## Task statement
What you return should be each line of the data containing the string "finally".

[Data extracted from a collection]

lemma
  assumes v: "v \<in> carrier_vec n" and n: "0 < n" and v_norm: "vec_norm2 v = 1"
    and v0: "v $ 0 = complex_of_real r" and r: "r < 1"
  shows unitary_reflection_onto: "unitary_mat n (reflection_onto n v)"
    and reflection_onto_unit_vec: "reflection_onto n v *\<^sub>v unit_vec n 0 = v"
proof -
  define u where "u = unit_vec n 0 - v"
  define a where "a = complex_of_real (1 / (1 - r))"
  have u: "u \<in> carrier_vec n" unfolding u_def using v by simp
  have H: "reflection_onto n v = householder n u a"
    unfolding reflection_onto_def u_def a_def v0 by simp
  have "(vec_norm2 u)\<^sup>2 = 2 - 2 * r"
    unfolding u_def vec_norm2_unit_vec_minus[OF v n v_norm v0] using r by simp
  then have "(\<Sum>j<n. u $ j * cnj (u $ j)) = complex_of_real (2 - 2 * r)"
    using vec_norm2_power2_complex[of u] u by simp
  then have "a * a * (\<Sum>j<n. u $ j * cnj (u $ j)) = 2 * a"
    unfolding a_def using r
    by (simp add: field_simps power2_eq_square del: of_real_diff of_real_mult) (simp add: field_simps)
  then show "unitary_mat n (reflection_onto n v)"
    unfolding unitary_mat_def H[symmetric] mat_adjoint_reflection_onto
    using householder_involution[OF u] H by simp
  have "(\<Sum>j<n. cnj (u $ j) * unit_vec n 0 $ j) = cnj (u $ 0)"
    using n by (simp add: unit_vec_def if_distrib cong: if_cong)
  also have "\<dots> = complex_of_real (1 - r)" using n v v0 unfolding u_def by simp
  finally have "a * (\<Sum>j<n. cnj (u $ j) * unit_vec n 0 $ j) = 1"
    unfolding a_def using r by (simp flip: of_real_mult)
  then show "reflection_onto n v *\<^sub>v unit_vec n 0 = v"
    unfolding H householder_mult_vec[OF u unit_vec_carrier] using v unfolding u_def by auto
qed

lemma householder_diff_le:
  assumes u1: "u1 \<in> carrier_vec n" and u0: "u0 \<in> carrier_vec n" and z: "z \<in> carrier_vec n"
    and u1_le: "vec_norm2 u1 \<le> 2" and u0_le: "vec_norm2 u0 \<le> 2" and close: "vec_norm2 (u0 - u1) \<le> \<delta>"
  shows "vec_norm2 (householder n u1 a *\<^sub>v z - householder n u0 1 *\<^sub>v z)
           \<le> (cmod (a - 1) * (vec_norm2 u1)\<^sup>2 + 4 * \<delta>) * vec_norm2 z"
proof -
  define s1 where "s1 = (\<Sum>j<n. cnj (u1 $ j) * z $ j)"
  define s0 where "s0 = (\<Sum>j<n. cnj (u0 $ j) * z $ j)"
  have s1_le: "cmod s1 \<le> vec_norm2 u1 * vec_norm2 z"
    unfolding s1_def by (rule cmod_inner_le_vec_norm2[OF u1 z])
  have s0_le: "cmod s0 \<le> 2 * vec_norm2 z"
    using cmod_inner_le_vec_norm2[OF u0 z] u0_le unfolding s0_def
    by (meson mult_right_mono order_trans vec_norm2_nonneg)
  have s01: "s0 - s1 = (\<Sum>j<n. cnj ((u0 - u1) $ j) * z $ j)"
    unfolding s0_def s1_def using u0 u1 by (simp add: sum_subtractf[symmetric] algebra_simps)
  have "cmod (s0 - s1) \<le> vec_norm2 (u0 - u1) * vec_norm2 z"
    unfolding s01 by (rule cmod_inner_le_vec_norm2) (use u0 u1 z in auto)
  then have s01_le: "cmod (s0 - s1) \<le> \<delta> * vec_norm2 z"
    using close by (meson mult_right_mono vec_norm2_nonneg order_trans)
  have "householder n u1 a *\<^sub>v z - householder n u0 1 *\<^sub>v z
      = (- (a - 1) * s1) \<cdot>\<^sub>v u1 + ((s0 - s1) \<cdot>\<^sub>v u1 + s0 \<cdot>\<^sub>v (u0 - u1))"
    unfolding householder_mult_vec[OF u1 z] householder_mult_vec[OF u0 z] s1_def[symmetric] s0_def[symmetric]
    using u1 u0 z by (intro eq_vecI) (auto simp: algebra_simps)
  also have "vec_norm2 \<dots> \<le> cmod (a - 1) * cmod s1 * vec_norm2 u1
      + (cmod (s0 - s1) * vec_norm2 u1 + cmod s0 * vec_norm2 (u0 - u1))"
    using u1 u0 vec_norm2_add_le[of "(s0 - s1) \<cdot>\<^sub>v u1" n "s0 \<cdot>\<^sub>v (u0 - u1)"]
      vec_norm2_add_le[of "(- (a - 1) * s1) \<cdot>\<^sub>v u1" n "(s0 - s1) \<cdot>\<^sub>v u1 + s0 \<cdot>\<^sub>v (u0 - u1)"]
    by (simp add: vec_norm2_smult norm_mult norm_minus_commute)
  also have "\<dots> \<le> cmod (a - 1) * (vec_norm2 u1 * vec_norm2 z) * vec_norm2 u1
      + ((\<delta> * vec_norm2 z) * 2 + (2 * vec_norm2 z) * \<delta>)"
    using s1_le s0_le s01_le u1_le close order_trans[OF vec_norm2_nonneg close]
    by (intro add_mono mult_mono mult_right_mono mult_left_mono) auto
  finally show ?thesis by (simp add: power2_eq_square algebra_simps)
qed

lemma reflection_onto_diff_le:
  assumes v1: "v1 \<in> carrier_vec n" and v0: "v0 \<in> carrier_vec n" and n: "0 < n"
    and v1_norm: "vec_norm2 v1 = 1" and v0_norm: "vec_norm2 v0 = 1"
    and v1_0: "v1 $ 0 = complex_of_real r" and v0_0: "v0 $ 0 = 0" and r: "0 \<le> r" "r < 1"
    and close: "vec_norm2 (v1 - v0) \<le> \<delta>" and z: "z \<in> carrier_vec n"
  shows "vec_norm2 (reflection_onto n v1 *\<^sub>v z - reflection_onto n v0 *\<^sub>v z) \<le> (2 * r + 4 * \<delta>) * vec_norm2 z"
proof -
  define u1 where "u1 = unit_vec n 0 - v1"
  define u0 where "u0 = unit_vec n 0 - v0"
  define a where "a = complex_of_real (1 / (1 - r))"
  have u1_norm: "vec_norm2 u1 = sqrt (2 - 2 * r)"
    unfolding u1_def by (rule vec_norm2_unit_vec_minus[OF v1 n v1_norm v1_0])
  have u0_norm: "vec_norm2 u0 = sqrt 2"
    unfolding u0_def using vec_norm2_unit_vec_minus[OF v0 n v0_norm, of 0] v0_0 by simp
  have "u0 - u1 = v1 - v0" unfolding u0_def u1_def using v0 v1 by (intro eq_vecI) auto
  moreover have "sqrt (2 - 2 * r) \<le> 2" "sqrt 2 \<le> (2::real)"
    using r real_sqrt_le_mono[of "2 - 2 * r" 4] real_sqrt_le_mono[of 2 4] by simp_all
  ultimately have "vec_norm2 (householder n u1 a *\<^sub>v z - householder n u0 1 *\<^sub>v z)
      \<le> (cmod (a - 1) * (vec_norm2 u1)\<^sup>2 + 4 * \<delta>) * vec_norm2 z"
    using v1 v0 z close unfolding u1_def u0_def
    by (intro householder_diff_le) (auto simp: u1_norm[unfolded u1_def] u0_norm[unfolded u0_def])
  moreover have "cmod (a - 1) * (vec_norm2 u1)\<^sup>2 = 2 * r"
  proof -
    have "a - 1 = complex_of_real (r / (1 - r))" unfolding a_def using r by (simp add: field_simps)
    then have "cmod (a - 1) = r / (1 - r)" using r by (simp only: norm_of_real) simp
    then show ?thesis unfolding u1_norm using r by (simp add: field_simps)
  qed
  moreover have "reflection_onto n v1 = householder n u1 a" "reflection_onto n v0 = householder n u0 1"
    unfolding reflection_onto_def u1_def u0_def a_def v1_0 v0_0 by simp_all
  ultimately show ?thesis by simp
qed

## Reply
  finally have "a * (\<Sum>j<n. cnj (u $ j) * unit_vec n 0 $ j) = 1"
  finally show ?thesis by (simp add: power2_eq_square algebra_simps)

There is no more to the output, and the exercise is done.